The firm, which has its UK headquarters in Leamington Spa, wielded the axe at its Stocks and Ferguson businesses as the downturn in the US residential homes market and the continued weakness of the dollar severely hit group profits for the three months to October 31.

The group shed 1,700 workers in the quarter and is planning to axe another 1,300 jobs in the second three months - making a total of 3,000 in the first half of 2007-08. In its last fiscal year to July 31, it cut a total of 6,000 jobs, with around 3,500 of these at US building materials firm Stocks.

This time Stocks has seen another 1,500 jobs depart, while heating and plumbing supplies unit Ferguson is set to lose 1,300 workers in the second quarter after 200 in the first three months.
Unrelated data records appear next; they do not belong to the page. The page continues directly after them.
(* Let $X=\{x_1,\ldots,x_n\}\subset\mathbb{R}^d$ be a configuration of dimension $d$ (affine hull equal to $\mathbb{R}^d$), and suppose $\Delta_{d+2\,\ldots\, n}\neq 0$. Then a weight vector $(w_1,\ldots,w_n)$ belongs to $\mathbb{W}_0(X)$ if and only if \[(-1)^{i-d}\,w_i\,\Delta_{d+2\,\ldots\, n}=\sum_{l=d+2}^n w_l\,\Delta_{i\,d+2\,\ldots\,\widehat{l}\,\ldots\, n},\qquad i=1,\ldots,d+1,\] where $\widehat{l}$ indicates that the index $l$ is omitted from the list.
   Context: $\mathbb{W}_0(X)\subseteq\mathbb{R}^n$ is the space of weight vectors $(w_1,\ldots,w_n)$ with $\sum_j w_j=0$ and $\sum_j w_jx_j=0$ (equivalently $\sum_j w_j\overrightarrow{px_j}=\overrightarrow{O}$ for all $p$). For indices $j_1<\cdots<j_\beta$, $\Delta_{j_1\ldots j_\beta}$ denotes the oriented volume of the subconfiguration $X\setminus\{x_{j_1},\ldots,x_{j_\beta}\}$: when this subconfiguration has $d+1$ points, it is the determinant of its $(d+1)\times(d+1)$ augmented configuration matrix, whose columns are $\binom{1}{x_j}$ for the remaining points $x_j$ in increasing order of index (and the volume is zero whenever the subconfiguration is not a $d$-simplex). In the indices $i\,d+2\ldots\widehat{l}\ldots n$, the removed points are $x_i$ and all $x_k$ with $d+2\le k\le n$, $k\ne l$. *)

theory Defs
  imports Complex_Main "Jordan_Normal_Form.Determinant"
begin

text \<open>A configuration X = {x_1,...,x_n} in R^d is given by x :: nat => nat => real,
  where point x_j (1 <= j <= n) has coordinates x j k for 0 <= k < d.\<close>

definition affine_spanning :: "nat \<Rightarrow> nat \<Rightarrow> (nat \<Rightarrow> nat \<Rightarrow> real) \<Rightarrow> bool" where
  "affine_spanning d n x \<longleftrightarrow>
     (\<forall>p :: nat \<Rightarrow> real. \<exists>c :: nat \<Rightarrow> real.
        (\<Sum>j=1..n. c j) = 1 \<and> (\<forall>k<d. p k = (\<Sum>j=1..n. c j * x j k)))"

definition W0 :: "nat \<Rightarrow> nat \<Rightarrow> (nat \<Rightarrow> nat \<Rightarrow> real) \<Rightarrow> (nat \<Rightarrow> real) set" where
  "W0 d n x = {w. (\<Sum>j=1..n. w j) = 0 \<and> (\<forall>k<d. (\<Sum>j=1..n. w j * x j k) = 0)}"

definition aug_matrix :: "nat \<Rightarrow> (nat \<Rightarrow> nat \<Rightarrow> real) \<Rightarrow> nat list \<Rightarrow> real mat" where
  "aug_matrix d x js = mat (d+1) (length js)
     (\<lambda>(r, c). if r = 0 then 1 else x (js ! c) (r - 1))"

text \<open>Oriented volume Delta_R of the subconfiguration X minus {x_j | j in R}:
  determinant of its augmented matrix (remaining points in increasing order of index)
  if it has exactly d+1 points, and 0 otherwise.\<close>
definition Delta :: "nat \<Rightarrow> nat \<Rightarrow> (nat \<Rightarrow> nat \<Rightarrow> real) \<Rightarrow> nat set \<Rightarrow> real" where
  "Delta d n x R =
     (let js = sorted_list_of_set ({1..n} - R)
      in if length js = d + 1 then det (aug_matrix d x js) else 0)"

end

theory Submission
  imports Defs
begin

(* Write v_j = (1, x_j) and let A be the matrix with columns v_1, ..., v_{d+1}, so that
   det A = Delta_{d+2...n} is nonzero. A weight vector w lies in W_0(X) iff sum_j w_j v_j = 0,
   i.e. iff A (w_1, ..., w_{d+1}) = b with b = - sum_{l >= d+2} w_l v_l. By Cramer's rule this
   holds iff w_i det A equals the determinant of A with column i replaced by b, for every i.
   That determinant is linear in b, and replacing column i of A by v_l and then moving this
   column to the end gives (-1)^(d+1-i) Delta_{i d+2 ... l^ ... n}. *)

lemma det_replace_col_adj_mat:
  assumes A: "A \<in> carrier_mat n n" and b: "b \<in> carrier_vec n" and k: "k < n"
  shows "det (replace_col A b k) = (adj_mat A *\<^sub>v b) $ k"
proof -
  have Ab: "replace_col A b k \<in> carrier_mat n n" using A by (simp add: replace_col_def)
  have "(adj_mat A *\<^sub>v b) $ k = row (adj_mat A) k \<bullet> b" using adj_mat[OF A] k by simp
  also have "\<dots> = det (replace_col A b k)" unfolding scalar_prod_def using b k A
    by (subst laplace_expansion_column[OF Ab k], auto intro!: sum.cong arg_cong[of _ _ det]
      arg_cong[of _ _ "\<lambda> x. _ * x"]
      simp: replace_col_def adj_mat_def Matrix.row_def cofactor_def mat_delete_def ac_simps)
  finally show ?thesis ..
qed

lemma det_replace_col_sum:
  assumes A: "A \<in> carrier_mat n n" and v: "\<And>l. l \<in> L \<Longrightarrow> v l \<in> carrier_vec n" and k: "k < n"
  shows "det (replace_col A (vec n (\<lambda>r. \<Sum>l\<in>L. c l * v l $ r)) k)
    = (\<Sum>l\<in>L. c l * det (replace_col A (v l) k))"
proof -
  have "det (replace_col A (vec n (\<lambda>r. \<Sum>l\<in>L. c l * v l $ r)) k)
      = (\<Sum>r<n. adj_mat A $$ (k, r) * (\<Sum>l\<in>L. c l * v l $ r))"
    using adj_mat(1)[OF A] A k
    by (simp add: det_replace_col_adj_mat scalar_prod_def lessThan_atLeast0)
  also have "\<dots> = (\<Sum>l\<in>L. c l * (\<Sum>r<n. adj_mat A $$ (k, r) * v l $ r))"
    by (simp add: sum_distrib_left sum.swap[of _ L] ac_simps)
  also have "\<dots> = (\<Sum>l\<in>L. c l * det (replace_col A (v l) k))"
  proof (rule sum.cong)
    fix l assume "l \<in> L"
    then show "c l * (\<Sum>r<n. adj_mat A $$ (k, r) * v l $ r) = c l * det (replace_col A (v l) k)"
      using carrier_matD[OF adj_mat(1)[OF A]] A k v[of l]
      by (simp add: det_replace_col_adj_mat scalar_prod_def lessThan_atLeast0)
  qed simp
  finally show ?thesis .
qed

lemma cramer_rule_iff:
  fixes A :: "'a :: field mat"
  assumes A: "A \<in> carrier_mat n n" and det: "det A \<noteq> 0"
    and y: "y \<in> carrier_vec n" and b: "b \<in> carrier_vec n"
  shows "A *\<^sub>v y = b \<longleftrightarrow> (\<forall>k<n. det (replace_col A b k) = y $ k * det A)"
proof
  assume "A *\<^sub>v y = b"
  then show "\<forall>k<n. det (replace_col A b k) = y $ k * det A"
    using cramer_lemma_mat[OF A y] by blast
next
  assume cramer: "\<forall>k<n. det (replace_col A b k) = y $ k * det A"
  have "adj_mat A *\<^sub>v b = det A \<cdot>\<^sub>v y"
  proof (rule eq_vecI)
    fix k assume "k < dim_vec (det A \<cdot>\<^sub>v y)"
    then have k: "k < n" using y by simp
    have "(adj_mat A *\<^sub>v b) $ k = det (replace_col A b k)"
      by (rule det_replace_col_adj_mat[OF A b k, symmetric])
    then show "(adj_mat A *\<^sub>v b) $ k = (det A \<cdot>\<^sub>v y) $ k"
      using cramer k y by (simp add: mult.commute)
  qed (use A y adj_mat(1)[OF A] in simp)
  then have "det A \<cdot>\<^sub>v (A *\<^sub>v y) = (A * adj_mat A) *\<^sub>v b"
    using A y b adj_mat(1)[OF A] by (simp add: mult_mat_vec)
  also have "\<dots> = det A \<cdot>\<^sub>v (1\<^sub>m n *\<^sub>v b)"
    using A b by (auto simp: adj_mat(2)[OF A])
  also have "\<dots> = det A \<cdot>\<^sub>v b"
    using b by simp
  finally have scaled: "det A \<cdot>\<^sub>v (A *\<^sub>v y) = det A \<cdot>\<^sub>v b" .
  show "A *\<^sub>v y = b"
  proof (rule eq_vecI)
    fix i assume "i < dim_vec b"
    then have "det A * (A *\<^sub>v y) $ i = det A * b $ i"
      using arg_cong[OF scaled, of "\<lambda>v. v $ i"] A b by simp
    then show "(A *\<^sub>v y) $ i = b $ i" using det by simp
  qed (use A b in simp)
qed

lemma Ball_atLeast1_atMost_iff: "(\<forall>i\<in>{1..m}. P i) \<longleftrightarrow> (\<forall>k<m. P (Suc k))"
  unfolding image_Suc_lessThan[symmetric] by auto

lemma minus_one_powi_Suc_diff:
  assumes "k \<le> d"
  shows "(-1::real) powi (int (Suc k) - int d) = - ((-1) ^ (d - k))"
proof -
  have "int (Suc k) - int d = 1 - int (d - k)" using assms by simp
  then have "(-1::real) powi (int (Suc k) - int d) = (-1) powi (1 - int (d - k))" by (simp only:)
  also have "\<dots> = - ((-1) ^ (d - k))"
    using power_int_diff[of "-1::real" 1 "int (d - k)"] by (cases "even (d - k)") simp_all
  finally show ?thesis .
qed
Group chief executive Chip Hornsby said: "The group is going through a very difficult period and we're having to take swift and decisive action to adjust our cost base."

Mr Hornsby warned there were increasing signs the UK housing market is also slowing, while the repairs, maintenance and improvement sector is showing signs of weakness, due to deteriorating consumer confidence and tighter credit conditions.

Profits from North America are continuing to be hit by the slowdown in the housing market, falling consumer confidence and the weaker dollar, which is hurting profits on translation. The group used a dollar/sterling exchange rate of 2.03 in the quarter, compared to 1.89 for the same period a year ago.

Trading profits from North America were consequently down by 30 per cent in the three months to October as Stocks incurred a first-quarter loss, while total revenues were adrift 10 per cent. On a constant currency basis, revenues and profits would both have been about six per cent higher.

The picture was a little brighter in Europe, with good performances from the UK and the Nordic regions offsetting downturns in France and Central and Eastern Europe, but these were not enough to stem the decline in North America.

Overall, underlying pre-tax profits for the group as a whole were down by almost 15 per cent in the three months to October, prompting one broker to call yesterday's update "a profit warning".

Panmure Gordon said it would have to make "a big downgrade" to its earnings projections and was looking at a 20 per cent fall in profits to some £600 million for 2007-08.

Mr Hornsby said he remained confident of achieving a seven per cent operating margin by 2011, despite the more challenging trading conditions in North America. But he acknowledged the board may have to look at the figure again if the downturn continues for another 12 to 24 months.

"As it stands at the moment, we are still on track to achieve this target," he said.

The redundancies will save £35.9 million in 2007-08, rising to £60 million in a full year, while other savings and efficiency measures are planned.

Mr Hornsby also hinted the group may slow its acquisition programme and become "more selective" on purchases over the coming months.

He said: "We'll look to keep our powder dry, especially in North America where we expect acquisition prices to fall.

"We're not going to jump into buying something today that we could buy more cheaply in five-to-six months time."

So far this year, Wolseley has spent £170 million on bolt-on acquisitions.